Scan the lines below for the string "ultimately" and copy every one that has it.
BEGIN Supplied records
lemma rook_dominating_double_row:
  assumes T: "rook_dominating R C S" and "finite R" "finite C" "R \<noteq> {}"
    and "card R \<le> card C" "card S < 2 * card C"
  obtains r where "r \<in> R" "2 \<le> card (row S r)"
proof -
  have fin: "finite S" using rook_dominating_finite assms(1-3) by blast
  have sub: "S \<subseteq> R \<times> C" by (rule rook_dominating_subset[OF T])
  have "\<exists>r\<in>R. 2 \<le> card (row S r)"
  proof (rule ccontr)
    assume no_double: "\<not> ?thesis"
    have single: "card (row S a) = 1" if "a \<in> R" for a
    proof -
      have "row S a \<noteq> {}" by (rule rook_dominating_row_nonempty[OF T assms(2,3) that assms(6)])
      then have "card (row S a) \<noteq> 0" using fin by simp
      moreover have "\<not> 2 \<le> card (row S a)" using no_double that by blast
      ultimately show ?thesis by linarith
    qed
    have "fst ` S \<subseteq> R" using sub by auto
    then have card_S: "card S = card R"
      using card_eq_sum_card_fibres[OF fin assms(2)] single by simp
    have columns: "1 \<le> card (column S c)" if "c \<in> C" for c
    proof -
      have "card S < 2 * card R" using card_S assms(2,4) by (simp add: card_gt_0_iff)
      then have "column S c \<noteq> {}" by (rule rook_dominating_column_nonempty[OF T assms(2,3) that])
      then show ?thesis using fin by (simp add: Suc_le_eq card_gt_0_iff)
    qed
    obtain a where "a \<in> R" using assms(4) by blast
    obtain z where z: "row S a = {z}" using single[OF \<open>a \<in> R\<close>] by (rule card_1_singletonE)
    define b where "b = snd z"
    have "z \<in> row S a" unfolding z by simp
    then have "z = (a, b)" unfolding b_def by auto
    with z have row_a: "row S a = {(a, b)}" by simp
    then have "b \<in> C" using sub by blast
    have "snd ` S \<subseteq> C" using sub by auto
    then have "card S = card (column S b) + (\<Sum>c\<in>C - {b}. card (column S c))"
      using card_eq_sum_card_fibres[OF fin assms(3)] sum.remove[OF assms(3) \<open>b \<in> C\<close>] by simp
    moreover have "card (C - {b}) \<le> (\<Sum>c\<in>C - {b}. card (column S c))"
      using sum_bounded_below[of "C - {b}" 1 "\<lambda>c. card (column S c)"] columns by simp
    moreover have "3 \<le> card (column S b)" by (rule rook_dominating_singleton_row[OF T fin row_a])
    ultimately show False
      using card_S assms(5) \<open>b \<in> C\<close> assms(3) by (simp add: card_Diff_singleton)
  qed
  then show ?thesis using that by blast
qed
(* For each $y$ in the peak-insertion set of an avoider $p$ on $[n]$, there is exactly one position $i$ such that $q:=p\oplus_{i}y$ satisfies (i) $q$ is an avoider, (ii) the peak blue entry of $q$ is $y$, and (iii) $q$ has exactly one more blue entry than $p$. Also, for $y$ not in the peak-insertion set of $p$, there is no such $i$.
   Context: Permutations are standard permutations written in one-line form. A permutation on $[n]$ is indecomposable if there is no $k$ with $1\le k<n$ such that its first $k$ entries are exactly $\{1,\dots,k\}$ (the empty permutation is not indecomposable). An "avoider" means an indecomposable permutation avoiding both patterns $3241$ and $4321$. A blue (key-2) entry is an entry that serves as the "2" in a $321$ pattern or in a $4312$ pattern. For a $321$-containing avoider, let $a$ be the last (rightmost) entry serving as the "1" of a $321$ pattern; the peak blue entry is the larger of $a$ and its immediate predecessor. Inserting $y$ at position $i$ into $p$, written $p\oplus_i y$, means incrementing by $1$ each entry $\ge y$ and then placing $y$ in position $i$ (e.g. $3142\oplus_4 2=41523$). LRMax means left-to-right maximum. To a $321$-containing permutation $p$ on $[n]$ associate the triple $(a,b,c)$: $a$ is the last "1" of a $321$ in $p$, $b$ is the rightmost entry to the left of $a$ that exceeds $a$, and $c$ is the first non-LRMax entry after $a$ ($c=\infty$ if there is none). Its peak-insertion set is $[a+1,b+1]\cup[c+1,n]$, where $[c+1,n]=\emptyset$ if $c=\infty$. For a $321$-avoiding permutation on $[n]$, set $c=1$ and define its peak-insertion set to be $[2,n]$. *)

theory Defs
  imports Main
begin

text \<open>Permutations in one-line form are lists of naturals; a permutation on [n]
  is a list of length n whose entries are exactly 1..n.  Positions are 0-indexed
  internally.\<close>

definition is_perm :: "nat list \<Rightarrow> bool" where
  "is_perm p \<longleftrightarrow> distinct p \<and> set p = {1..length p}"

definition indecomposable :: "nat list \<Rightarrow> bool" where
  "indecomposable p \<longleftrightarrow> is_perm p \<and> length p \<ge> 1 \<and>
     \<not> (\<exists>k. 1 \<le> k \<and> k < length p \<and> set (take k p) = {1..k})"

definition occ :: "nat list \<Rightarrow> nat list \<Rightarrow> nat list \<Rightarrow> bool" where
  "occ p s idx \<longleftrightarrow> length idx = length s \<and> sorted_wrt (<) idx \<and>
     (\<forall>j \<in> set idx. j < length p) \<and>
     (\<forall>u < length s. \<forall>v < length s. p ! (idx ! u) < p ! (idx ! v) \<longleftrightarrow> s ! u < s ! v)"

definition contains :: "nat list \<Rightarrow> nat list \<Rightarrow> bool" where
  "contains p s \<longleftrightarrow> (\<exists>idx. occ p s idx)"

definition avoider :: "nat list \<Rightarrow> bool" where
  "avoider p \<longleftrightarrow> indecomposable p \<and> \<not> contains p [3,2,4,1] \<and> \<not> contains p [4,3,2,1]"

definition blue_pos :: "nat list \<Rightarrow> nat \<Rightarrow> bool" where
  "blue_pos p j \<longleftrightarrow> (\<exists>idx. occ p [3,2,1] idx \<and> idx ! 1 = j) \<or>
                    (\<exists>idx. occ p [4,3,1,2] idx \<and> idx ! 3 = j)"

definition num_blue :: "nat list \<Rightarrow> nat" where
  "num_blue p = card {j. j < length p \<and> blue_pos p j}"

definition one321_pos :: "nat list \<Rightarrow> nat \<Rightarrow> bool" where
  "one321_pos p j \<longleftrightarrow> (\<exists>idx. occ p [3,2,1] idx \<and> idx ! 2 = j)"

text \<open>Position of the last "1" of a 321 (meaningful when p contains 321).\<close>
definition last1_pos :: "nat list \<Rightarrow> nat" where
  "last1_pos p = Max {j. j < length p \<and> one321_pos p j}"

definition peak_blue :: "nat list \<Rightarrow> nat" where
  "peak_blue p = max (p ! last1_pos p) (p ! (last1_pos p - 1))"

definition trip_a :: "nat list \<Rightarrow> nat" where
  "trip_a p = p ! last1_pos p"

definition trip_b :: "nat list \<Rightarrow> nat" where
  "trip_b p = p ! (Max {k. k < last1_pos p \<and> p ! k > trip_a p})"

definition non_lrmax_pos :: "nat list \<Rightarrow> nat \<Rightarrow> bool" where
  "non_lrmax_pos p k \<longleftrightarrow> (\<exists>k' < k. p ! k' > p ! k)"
END Supplied records
#### [Solution below]
      ultimately show ?thesis by linarith
    ultimately show False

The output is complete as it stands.